*** Opening Data under study ***
(* If $\ell\ge 5$ is not divisible by three, then the uniform Tur\'an density of the tight $3$-uniform cycle $C_\ell^{(3)}$ is at least $4/27$.
   Context: For $\ell\ge 5$, the tight $3$-uniform cycle $C_\ell^{(3)}$ is the $3$-uniform hypergraph with $\ell$ vertices $v_1,\ldots,v_\ell$ whose edges are exactly the triples $\{v_i,v_{i+1},v_{i+2}\}$, $i\in[\ell]$, indices modulo $\ell$. For an $n$-vertex $3$-uniform hypergraph $H$ and $\varepsilon>0$, the $\varepsilon$-linear density of $H$ is the minimum edge density of an induced subhypergraph of $H$ with at least $\varepsilon n$ vertices. The uniform Tur\'an density of a $3$-uniform hypergraph $F$ is the supremum of all $d\in[0,1]$ such that for every $\varepsilon>0$ there exist arbitrarily large $F$-free $3$-uniform hypergraphs with $\varepsilon$-linear density at least $d$. *)

theory Defs
  imports Complex_Main
begin

definition hypergraph3 :: "'a set \<Rightarrow> 'a set set \<Rightarrow> bool" where
  "hypergraph3 V E \<longleftrightarrow> (\<forall>e\<in>E. e \<subseteq> V \<and> card e = 3)"

definition tight_cycle_edges :: "nat \<Rightarrow> nat set set" where
  "tight_cycle_edges l = {{i, (i+1) mod l, (i+2) mod l} | i. i < l}"

definition contains_copy :: "'b set \<Rightarrow> 'b set set \<Rightarrow> 'a set \<Rightarrow> 'a set set \<Rightarrow> bool" where
  "contains_copy VF EF V E \<longleftrightarrow>
     (\<exists>f. inj_on f VF \<and> f ` VF \<subseteq> V \<and> (\<forall>e\<in>EF. f ` e \<in> E))"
*** Closing Data under study ***
» Action item
The line containing "E \<longleftrightarrow> (\<forall>e\<in>E." and all lines after it, through the last line of the data, should be retyped exactly.

» Response box
  "hypergraph3 V E \<longleftrightarrow> (\<forall>e\<in>E. e \<subseteq> V \<and> card e = 3)"

definition tight_cycle_edges :: "nat \<Rightarrow> nat set set" where
  "tight_cycle_edges l = {{i, (i+1) mod l, (i+2) mod l} | i. i < l}"

definition contains_copy :: "'b set \<Rightarrow> 'b set set \<Rightarrow> 'a set \<Rightarrow> 'a set set \<Rightarrow> bool" where
  "contains_copy VF EF V E \<longleftrightarrow>
     (\<exists>f. inj_on f VF \<and> f ` VF \<subseteq> V \<and> (\<forall>e\<in>EF. f ` e \<in> E))"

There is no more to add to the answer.